Весной я также раз выбрался на прогулку во Фредериксбергский сад. Могучие буки здесь были покрыты молодой, только что распустившеюся зеленью, солнце просвечивало сквозь листья, трава была такая высокая, все вокруг дышало свежестью, птички так чудно пели, что душа, моя преисполнилась ликования... Я обхватил руками ствол ближайшего дерева и стал покрывать его кору поцелуями. В эту минуту я был настоящее дитя природы. «Да что он, спятил, что ли!» — раздалось вдруг поблизости; это был один из смотрителей сада. Я испугался, убежал оттуда и медленно в задумчивости поплелся обратно в город.

Голос мой между тем вернулся. Он был теперь снова звучен и силен, и тогдашний хормейстер при театральном училище, брат поэта Кроссинга, услыхав раз мое пение, предложил мне место у себя в училище. Он полагал, что, участвуя в хорах, я лучше смогу развить свой голос и освоиться со сценой, так что со временем мне, пожалуй, могли бы поручить исполнение небольших партий. Итак, мне, казалось, открылся новый путь к цели всех моих стремлений, к сцене. Из балетной школы я перешел в школу хорового пения, был участником массовых сцен в качестве то пастушка в «Разбойничьей крепости» и «Иоганне Монфокон», то воина, то матроса и т. п. Теперь, если были свободные места, мне был открыт бесплатный вход в партер, и я никогда не упускал случая воспользоваться этим. Театр был для меня всем — здесь я дневал и ночевал, и немудрено, что я забросил латинскую грамматику, тем более что часто слышал, будто ни актеру, ни хористу латынь вовсе не нужна — и без нее можно стать знаменитостью. Я находил это вполне справедливым, латынь мне страсть как надоела, и я стал уклоняться от вечерних уроков, иногда по уважительным причинам, но чаще всего предпочитая просто-напросто сидеть в партере. Гульдберг, узнав об этом, рассердился не на шутку и сделал мне выволочку. Это был первый серьезный выговор в жизни, который я получил, и он совершенно уничтожил меня. Вряд ли какой-нибудь преступник, выслушивающий смертный приговор, мог быть так потрясен, как я тогда. Вероятно, это отразилось у меня на лице, потому что Гульдберг прибавил: «И прекрати ломать комедию!» Я же, между тем, и не думал притворяться. Вот так и прекратились мои занятия латынью.

Никогда еще я не чувствовал себя таким зависимым от расположения ко мне добрых людей. Я испытывал недостаток в самом необходимом, и бывали минуты, когда на меня находило уныние, будущее представлялось мне в самом мрачном свете, но потом моя детская беспечность опять брала верх.

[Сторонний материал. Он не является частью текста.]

lemma psd_quad_form_eq_0_imp:
  assumes "transpose A = (A::real^'n^'n)" "\<And>x. 0 \<le> quad_form A x" "quad_form A x0 = 0"
  shows "A *v x0 = 0"
proof (rule ccontr)
  define w where "w = A *v x0"
  assume "A *v x0 \<noteq> 0"
  hence W: "w \<bullet> w > 0" by (simp add: w_def)
  define q where "q = quad_form A w"
  define s where "s = (w \<bullet> w) / (\<bar>q\<bar> + 1)"
  have s0: "s > 0" using W by (simp add: s_def)
  have "s * q \<le> s * \<bar>q\<bar>" using s0 by (simp add: mult_left_mono)
  also have "\<dots> < s * (\<bar>q\<bar> + 1)" using s0 by simp
  also have "\<dots> = w \<bullet> w" unfolding s_def by simp
  finally have sq: "s * (s * q) < s * (w \<bullet> w)" using s0 by simp
  have "x0 \<bullet> (A *v w) = w \<bullet> w"
    using symmetric_inner_mult_commute[OF assms(1), of x0 w] by (simp add: w_def)
  hence "quad_form A (x0 - s *\<^sub>R w) = s * (s * q) - 2 * (s * (w \<bullet> w))"
    using assms(3) by (simp add: quad_form_def q_def w_def matrix_vector_mult_diff_distrib
        matrix_vector_mult_scaleR inner_diff_left inner_diff_right algebra_simps)
  also have "\<dots> < 0" using sq mult_pos_pos[OF s0 W] by linarith
  finally show False using assms(2)[of "x0 - s *\<^sub>R w"] by simp
qed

Вдова нашего знаменитого государственного деятеля Кристиана Кольбьёрнсена и дочь ее, госпожа ван дер Маасе, бывшая тогда фрейлиной кронпринцессы Каролины, были первыми из лиц высшего сословия, которые обласкали бедного мальчика, с участием выслушали меня и стали регулярно приглашать к себе. Госпожа Кольбьёрнсен жила летом на вилле «Баккехусет», принадлежавшей поэту Ра-беку и его жене — Филемону и Бавкиде, как их назвали в одном из стихотворений. Приходя в их дом, я познакомился и с их семьей. Сам Рабек никогда не заговаривал со мною; раз только в саду он направился было ко мне, точно желая сказать мне что-то, но подойдя вплотную и поглядев на меня, он вдруг круто развернулся и пошел прочь. Жена его, веселая и дружелюбная, охотно беседовала со мною. Я тогда начал писать что-то вроде комедии и попытался было прочесть ей написанное, но она, прослушав всего несколько сцен, прервала меня возгласом: «Да ведь тут целые места выписаны из Эленшлегера и Ингеманна!» — «Да, но они такие чудные!» — отвечал я на это наивно и продолжил свое чтение. Однажды, когда я собирался от нее к госпоже Кольбьёрнсен, она вручила мне букет из роз и сказала: «Отнесите их советнице Кольбьёрнсен. Она, верно, рада будет получить их из рук поэта!» Госпожа Рабек, конечно, шутила, но все же это был первый раз, когда мое имя связали со словом «поэт», и это произвело на меня сильнейшее впечатление. Слезы выступили у меня на глазах, и с этой минуты во мне пробудилось серьезное желание писать, сочинять. До того это было для меня такою же игрою, как и игра в кукольный театр, теперь же сделалось целью всей жизни.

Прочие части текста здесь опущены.